═══ Data in this exercise ═══

lemma R0_add_scaled:
  assumes a: "continuous_on {0..tb} a" and d: "continuous_on {0..tb} d"
  shows "R0 tb F f (\<lambda>t. a t + \<epsilon> * d t)
    = R0 tb F f a + \<epsilon> * integral {0..tb} (\<lambda>t. J t * (d t * f t))"
proof -
  have int: "(\<lambda>t. J t * (a t * f t)) integrable_on {0..tb}" "(\<lambda>t. J t * (d t * f t)) integrable_on {0..tb}"
    by (auto intro!: integrable_continuous_interval continuous_intros a d f_cont continuous_on_J)
  have "R0 tb F f (\<lambda>t. a t + \<epsilon> * d t)
      = integral {0..tb} (\<lambda>t. J t * (a t * f t) + \<epsilon> * (J t * (d t * f t)))"
    unfolding R0_eq by (rule integral_cong) (simp add: algebra_simps)
  also have "\<dots> = R0 tb F f a + \<epsilon> * integral {0..tb} (\<lambda>t. J t * (d t * f t))"
    unfolding R0_eq using int by (rule integral_add_scaled)
  finally show ?thesis .
qed

theorem R0_le_of_MPS:
  assumes "mono_on {0..tb} J" "status_fn tb s" "status_fn tb s'" "MPS tb f s' s"
  shows "R0 tb F f s' \<le> R0 tb F f s"
proof -
  have "mono_on {0..tb} s" "mono_on {0..tb} s'"
    using assms(2,3) by (simp_all add: status_fn_def)
  then show ?thesis
    unfolding R0_eq using tb_pos by (intro MPS_weighted_integral_le[OF _ assms(1) _ _ f_cont assms(4)]) auto
qed

definition tent_mass :: "real \<Rightarrow> real \<Rightarrow> real" where
  "tent_mass c \<delta> = integral {0..tb} (\<lambda>t. tent c \<delta> t * f t)"

definition bump :: "real \<Rightarrow> real \<Rightarrow> real \<Rightarrow> real" where
  "bump c \<delta> t = tent c \<delta> t / tent_mass c \<delta>"

lemma continuous_on_tent_times_f: "continuous_on {0..tb} (\<lambda>t. tent c \<delta> t * f t)"
  by (intro continuous_intros continuous_on_tent f_cont)

lemma tent_times_f_nonneg: "t \<in> {0..tb} \<Longrightarrow> 0 \<le> tent c \<delta> t * f t"
  using tent_nonneg f_pos by (simp add: less_imp_le)

lemma tent_mass_nonneg: "0 \<le> tent_mass c \<delta>"
  unfolding tent_mass_def using tent_times_f_nonneg
  by (intro integral_nonneg integrable_continuous_interval continuous_on_tent_times_f)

═══

■ What is expected
Once you reach the line containing "using tent_nonneg f_pos", transcribe it and each line after it through the end of the material, exactly and with nothing added.

■ Exercise solution
  using tent_nonneg f_pos by (simp add: less_imp_le)

lemma tent_mass_nonneg: "0 \<le> tent_mass c \<delta>"
  unfolding tent_mass_def using tent_times_f_nonneg
  by (intro integral_nonneg integrable_continuous_interval continuous_on_tent_times_f)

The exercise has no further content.